The immediate problem with this approach is that it is susceptible to variation in allele frequencies among populations. Two people with identical weighted allelic sums may nevertheless have very different relative risks according to whether they are, for example, of African, Asian, or European descent (Fig. 1.1c). Somewhat paradoxically, heterozygosity at a single contributing locus can either increase or decrease the odds in different ethnicities, according to whether the risk allele is rare or common in either population. Accommodations can be made by deriving separate multi-allelic scores for each ethnicity, but an additional complication arises where admixture (population mixing) exists, which is the norm in contemporary America at least. Perhaps risk scores should be adjusted by the allelic frequencies expected of individuals with the observed mixture of ethnicities, but a case for local ancestry adjustment with phased genomes can be made [54, 55], and then the issue of the appropriate baseline prevalence arises. It is not yet clear how much of an issue this is, and clearly much more research needs to be done, likely also including attention to geographically structured cultural and environmental modifiers of prevalence.

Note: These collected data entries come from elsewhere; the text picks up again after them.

lemma pair_prob_doubleton:
  assumes "i \<noteq> j"
  shows "pair_prob W {i, j} = edge_prob W i j"
proof -
  have "(SOME x. x \<in> {i, j}) \<in> {i, j}" by (rule someI) auto
  then consider "(SOME x. x \<in> {i, j}) = i" | "(SOME x. x \<in> {i, j}) = j" by blast
  then show ?thesis
  proof cases
    case 1
    moreover have "(SOME y. y \<in> {i, j} \<and> y \<noteq> i) = j"
      using assms by (intro some_equality) auto
    ultimately show ?thesis by (simp add: pair_prob_def)
  next
    case 2
    moreover have "(SOME y. y \<in> {i, j} \<and> y \<noteq> j) = i"
      using assms by (intro some_equality) auto
    ultimately show ?thesis by (simp add: pair_prob_def edge_prob_commute)
  qed
qed

lemma finite_upairs: "finite I \<Longrightarrow> finite (upairs I)"
  by (rule finite_subset[of _ "Pow I"]) (auto simp: upairs_def)

lemma expectation_prod_edge_indicators:
  assumes "finite I" "F \<subseteq> upairs I"
  shows "measure_pmf.expectation (rand_graph I W) (\<lambda>E. \<Prod>e\<in>F. of_bool (E e))
           = (\<Prod>e\<in>F. pair_prob W e)"
proof -
  define f where "f e b = (if e \<in> F then of_bool b else (1::real))" for e b
  have fin: "finite (upairs I)" using assms(1) by (rule finite_upairs)
  have prod_F: "(\<Prod>e\<in>F. g e) = (\<Prod>e\<in>upairs I. if e \<in> F then g e else 1)" for g :: "_ \<Rightarrow> real"
    using prod.mono_neutral_right[OF fin assms(2), of "\<lambda>e. if e \<in> F then g e else 1"] by simp
  have "measure_pmf.expectation (rand_graph I W) (\<lambda>E. \<Prod>e\<in>F. of_bool (E e))
        = measure_pmf.expectation (Pi_pmf (upairs I) False (\<lambda>e. bernoulli_pmf (pair_prob W e)))
            (\<lambda>E. \<Prod>e\<in>upairs I. f e (E e))"
    by (simp add: rand_graph_def pair_prob_def prod_F f_def)
  also have "\<dots> = (\<Prod>e\<in>upairs I. measure_pmf.expectation (bernoulli_pmf (pair_prob W e)) (f e))"
    by (rule expectation_prod_Pi_pmf[OF fin]) (auto simp: integrable_measure_pmf_finite f_def)
  also have "\<dots> = (\<Prod>e\<in>F. pair_prob W e)"
    by (subst prod_F) (auto intro!: prod.cong simp: f_def pair_prob_nonneg pair_prob_le_1)
  finally show ?thesis .
qed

Finally, predictors and classifiers that do not assume additive effects of GWAS hits are being introduced. Sparse factorization and machine-learning approaches offer very powerful approaches that generate scores, incorporating SNPs that do not have strong univariate associations, or whose effects are conditional on other terms in the model [1, 3, 24, 29]. Often scores are developed purely as mathematical abstractions, though the interpretation is that they incorporate cryptic epistasis (genotype-by-genotype interactions) as well as environment or gender-specific interactions [48]. In these cases, there is always the assumption that the conditions and effects are consistent across populations. Again, it is not yet clear how reliable this assumption is and hence how transitive machine-learning based scores typically will be.

1.2 Integrating Functional Genomic and Clinical Data to Capture Environmental Contributions

Irrespective of the nature of the risk score, the second major challenge is to combine these into an overall personal health profile. A key insight is that the extensive comorbidity of diseases establishes the expectation that genotypic risks should covary [42, 52]. Given risk scores for dozens or even hundreds of diseases, further mathematical manipulations may facilitate gains in prediction or classification accuracy that borrow power from across diseases. At the current stage of development of personal genomic medicine, there is insufficient data to discern robust patterns of covariance, with the exception of autoimmune diseases that share common polymorphisms [32, 46]. So long as individual disease risk scores only capture a minor fraction of the genotypic risk, they are unlikely to capture to true architecture of comorbidity, but presumably this will change as more comprehensive predictors are developed.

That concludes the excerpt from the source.